=== INSTRUCTIONS TO FOLLOW ===
Filter the listing down to the lines containing the word "lemma".

=== SUPPLIED INFORMATION ===
lemma sum_power2_norm_saga_est_dev_le:
  assumes i: "i \<in> {1..n}"
  shows "(\<Sum>c\<in>{1..m}. (norm (saga_est m df x z i c - grad_node m df i (x i)))\<^sup>2)
       \<le> 2 * L\<^sup>2 * (real m * (norm (v - x i))\<^sup>2 + (\<Sum>c\<in>{1..m}. (norm (v - z i c))\<^sup>2))"
proof -
  define d where "d c = df i c (x i) - df i c (z i c)" for c
  have "saga_est m df x z i c - grad_node m df i (x i) = d c - (1 / real m) *\<^sub>R (\<Sum>j\<in>{1..m}. d j)" for c
    by (simp add: saga_est_def grad_node_def d_def sum_subtractf scaleR_diff_right algebra_simps)
  then have "(\<Sum>c\<in>{1..m}. (norm (saga_est m df x z i c - grad_node m df i (x i)))\<^sup>2)
      \<le> (\<Sum>c\<in>{1..m}. (norm (d c))\<^sup>2)"
    using sum_power2_norm_centered_le[of "{1..m}" m d] m_pos by simp
  also have "\<dots> \<le> (\<Sum>c\<in>{1..m}. 2 * L\<^sup>2 * (norm (v - x i))\<^sup>2 + 2 * L\<^sup>2 * (norm (v - z i c))\<^sup>2)"
  proof (rule sum_mono)
    fix c assume c: "c \<in> {1..m}"
    have "(norm (d c))\<^sup>2 \<le> (L * norm ((v - z i c) - (v - x i)))\<^sup>2"
      unfolding d_def using smooth[OF i c] by (intro power_mono) auto
    also have "\<dots> \<le> L\<^sup>2 * ((1 + 1) * (norm (v - z i c))\<^sup>2 + (1 + 1 / 1) * (norm (v - x i))\<^sup>2)"
      unfolding power_mult_distrib by (intro mult_left_mono power2_norm_diff_le) auto
    finally show "(norm (d c))\<^sup>2 \<le> 2 * L\<^sup>2 * (norm (v - x i))\<^sup>2 + 2 * L\<^sup>2 * (norm (v - z i c))\<^sup>2"
      by (simp add: algebra_simps)
  qed
  also have "\<dots> = 2 * L\<^sup>2 * (real m * (norm (v - x i))\<^sup>2 + (\<Sum>c\<in>{1..m}. (norm (v - z i c))\<^sup>2))"
    by (simp add: sum.distrib sum_distrib_left algebra_simps)
  finally show ?thesis .
qed

lemma sum_PiE_power2_norm_saga_noise_le:
  "(\<Sum>a\<in>PiE {1..n} (\<lambda>_. {1..m}).
      (norm (avg n (\<lambda>i. saga_est m df x z i (a i)) - avg n (\<lambda>i. grad_node m df i (x i))))\<^sup>2)
   \<le> real (m ^ n) * (2 * L\<^sup>2 / real n * ((1 / real n) * cons_err n x + tval n m x z))"
proof -
  define e where "e i c = saga_est m df x z i c - grad_node m df i (x i)" for i c
  define xb where "xb = avg n x"
  have scale: "(1 / real n)\<^sup>2 * (real (m ^ (n - 1)) * (2 * L\<^sup>2 * (real m * real n) * C))
      = real (m ^ n) * (2 * L\<^sup>2 / real n * C)" for C
  proof -
    have "real (m ^ n) = real m * real (m ^ (n - 1))"
      using n_pos by (simp add: power_eq_if)
    then show ?thesis using n_pos by (simp add: field_simps power2_eq_square)
  qed
  have e_centered: "(\<Sum>c\<in>{1..m}. e i c) = 0" for i
    unfolding e_def by (rule sum_saga_est_centered[OF m_pos])
  have "(\<Sum>a\<in>PiE {1..n} (\<lambda>_. {1..m}).
          (norm (avg n (\<lambda>i. saga_est m df x z i (a i)) - avg n (\<lambda>i. grad_node m df i (x i))))\<^sup>2)
      = (1 / real n)\<^sup>2 * (\<Sum>a\<in>PiE {1..n} (\<lambda>_. {1..m}). (norm (\<Sum>i\<in>{1..n}. e i (a i)))\<^sup>2)"
    unfolding avg_diff norm_scaleR power_mult_distrib e_def by (simp add: sum_distrib_left)
  also have "\<dots> = (1 / real n)\<^sup>2 * (real (m ^ (n - 1)) * (\<Sum>i\<in>{1..n}. \<Sum>c\<in>{1..m}. (norm (e i c))\<^sup>2))"
    using sum_PiE_power2_norm_sum_centered[OF finite_atLeastAtMost[of 1 n] e_centered] by simp
  also have "\<dots> \<le> (1 / real n)\<^sup>2 * (real (m ^ (n - 1)) * (\<Sum>i\<in>{1..n}.
      2 * L\<^sup>2 * (real m * (norm (xb - x i))\<^sup>2 + (\<Sum>c\<in>{1..m}. (norm (xb - z i c))\<^sup>2))))"
    unfolding e_def by (intro mult_left_mono sum_mono sum_power2_norm_saga_est_dev_le) auto
  also have "(\<Sum>i\<in>{1..n}. 2 * L\<^sup>2 * (real m * (norm (xb - x i))\<^sup>2 + (\<Sum>c\<in>{1..m}. (norm (xb - z i c))\<^sup>2)))
      = 2 * L\<^sup>2 * (real m * real n) * ((1 / real n) * cons_err n x + tval n m x z)"
    using n_pos m_pos
    by (simp add: cons_err_def tval_def xb_def norm_minus_commute sum.distrib sum_distrib_left
        sum_divide_distrib field_simps)
  also have "(1 / real n)\<^sup>2 * (real (m ^ (n - 1)) * (2 * L\<^sup>2 * (real m * real n) * ((1 / real n) * cons_err n x + tval n m x z)))
      = real (m ^ n) * (2 * L\<^sup>2 / real n * ((1 / real n) * cons_err n x + tval n m x z))"
    by (rule scale)
  finally show ?thesis .
qed
(* Let $n>k\geq1$, $r=n-k$, and let $h,d$ be integers with $2\leq h\leq n-k$, $k<d\leq n-h$, $(d-k)\mid h$ and $(\frac{h}{d-k}+1)\mid 2^n$. Put $\delta=d-k$, $N=h/\delta$ (so $N=2^w-1$ for some integer $w\geq1$) and $\ell=2^n$. Let $F$ be a finite field with $|F|>2n$ and $\lambda_{j,0},\lambda_{j,1}$, $j\in[n]$, be $2n$ distinct elements of $F$, and let $\mathcal{C}$ be the (Hadamard MSR) code of all $(\bm c_1,\ldots,\bm c_n)$, $\bm c_j=(c_{j,0},\ldots,c_{j,\ell-1})\in F^\ell$, with $\sum_{j\in[n]}\lambda_{j,a_j}^{t-1}c_{j,a}=0$ for all $a\in[0,\ell-1]$, $t\in[r]$. Let $\mathcal{H}\subseteq[n]$ with $|\mathcal{H}|=h$ be the set of failed nodes and $\mathcal{R}\subseteq[n]\setminus\mathcal{H}$ with $|\mathcal{R}|=d$ the helper nodes. Partition $\mathcal{H}$ into disjoint sets $P_1,\ldots,P_N$ of size $\delta$, pick $m_i\in P_i$ for each $i\in[N]$, let $M=(m_1,\ldots,m_N)$, and let $V_0\subseteq\mathbb{F}_2^N$ be the binary Hamming code of length $N$ (dimension $N-w$, minimum distance $3$). Then every codeword's $\bm c_j$, $j\in\mathcal{H}$, can be recovered from the symbols $$\Big\{\sum_{v\in\{0,1\}}c_{j,\,a(P_i,a|_{P_i}\oplus v\bm 1_\delta)}:\ a\in[0,\ell-1]\text{ with }a|_M\in V_0,\ i\in[N]\Big\}$$ downloaded from each helper node $j\in\mathcal{R}$; this amounts to $\frac{h\ell}{d-k+h}$ symbols per helper node and total repair bandwidth $\frac{dh\ell}{d-k+h}$, achieving the cut-set bound. In particular $\mathcal{C}$ has the $(h,d)$-optimal repair property.
   Context: Each $a\in[0,2^n-1]$ is identified with its binary expansion $(a_1,\ldots,a_n)\in\{0,1\}^n$, $a=\sum_i a_i2^{i-1}$. For $\mathcal{X}\subseteq[n]$, $a|_{\mathcal{X}}$ is the vector of bits $(a_x)_{x\in\mathcal{X}}$ (for $M=(m_1,\ldots,m_N)$, $a|_M=(a_{m_1},\ldots,a_{m_N})\in\mathbb{F}_2^N$), and $a(\mathcal{X},\bm v)$ is the integer whose bits on $\mathcal{X}$ equal $\bm v$ and whose other bits equal those of $a$; $\oplus$ is bitwise addition mod 2 and $\bm 1_\delta$ is the all-one vector of length $\delta$. The binary Hamming code of length $N=2^w-1$ is the kernel of the $w\times N$ binary matrix whose columns are all nonzero vectors of $\mathbb{F}_2^w$. The cut-set bound for repairing $h$ nodes from $d$ helpers in an $(n,k,\ell)$ MDS array code is that each helper must send at least $\frac{h\ell}{d-k+h}$ symbols; the $(h,d)$-optimal repair property means that for every $h$-set $\mathcal{H}$ and every $d$-set $\mathcal{R}\subseteq[n]\setminus\mathcal{H}$ the failed nodes can be recovered with each helper sending exactly $\frac{h\ell}{d-k+h}$ symbols computed from its own content. *)

theory Defs
  imports Complex_Main
begin

text \<open>Bit i (1-based, i in [n]) of the integer a = sum_i a_i 2^(i-1).\<close>
definition bitv :: "nat \<Rightarrow> nat \<Rightarrow> nat" where
  "bitv a i = (a div 2 ^ (i - 1)) mod 2"

text \<open>a(X, v): the integer in [0,2^n-1] whose bits on X are given by g and whose
  other bits equal those of a.\<close>
definition set_bits :: "nat \<Rightarrow> nat \<Rightarrow> nat set \<Rightarrow> (nat \<Rightarrow> nat) \<Rightarrow> nat" where
  "set_bits n a X g = (\<Sum>i\<in>{1..n}. (if i \<in> X then g i else bitv a i) * 2 ^ (i - 1))"

text \<open>Hadamard MSR code: codewords c, with c j the content (c_{j,0},...,c_{j,l-1}) of node j;
  entries outside j in [n], a in [0,2^n-1] are fixed to 0.\<close>
definition hadamard_msr_code ::
  "nat \<Rightarrow> nat \<Rightarrow> (nat \<Rightarrow> nat \<Rightarrow> 'a::field) \<Rightarrow> (nat \<Rightarrow> nat \<Rightarrow> 'a) set" where
  "hadamard_msr_code n k lam =
    {c. (\<forall>j a. (j \<notin> {1..n} \<or> a \<ge> 2 ^ n) \<longrightarrow> c j a = 0) \<and>
        (\<forall>a < 2 ^ n. \<forall>t \<in> {1..n - k}.
           (\<Sum>j\<in>{1..n}. lam j (bitv a j) ^ (t - 1) * c j a) = 0)}"

text \<open>Binary Hamming code of length N = 2^w - 1: kernel of the w x N parity-check matrix
  whose i-th column is the binary expansion of col i; col enumerates all nonzero vectors of
  F_2^w (i.e. col is a bijection of [N] onto [1, 2^w-1]). Vectors of F_2^N are
  functions x with x i in {0,1} for i in [N].\<close>
definition hamming_code :: "nat \<Rightarrow> (nat \<Rightarrow> nat) \<Rightarrow> (nat \<Rightarrow> nat) set" where
  "hamming_code w col =
    {x. (\<forall>i\<in>{1..2 ^ w - 1}. x i \<in> {0, 1}) \<and>
        (\<forall>s < w. even (\<Sum>i\<in>{1..2 ^ w - 1}. x i * ((col i div 2 ^ s) mod 2)))}"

=== REPLY ===
lemma sum_power2_norm_saga_est_dev_le:
lemma sum_PiE_power2_norm_saga_noise_le:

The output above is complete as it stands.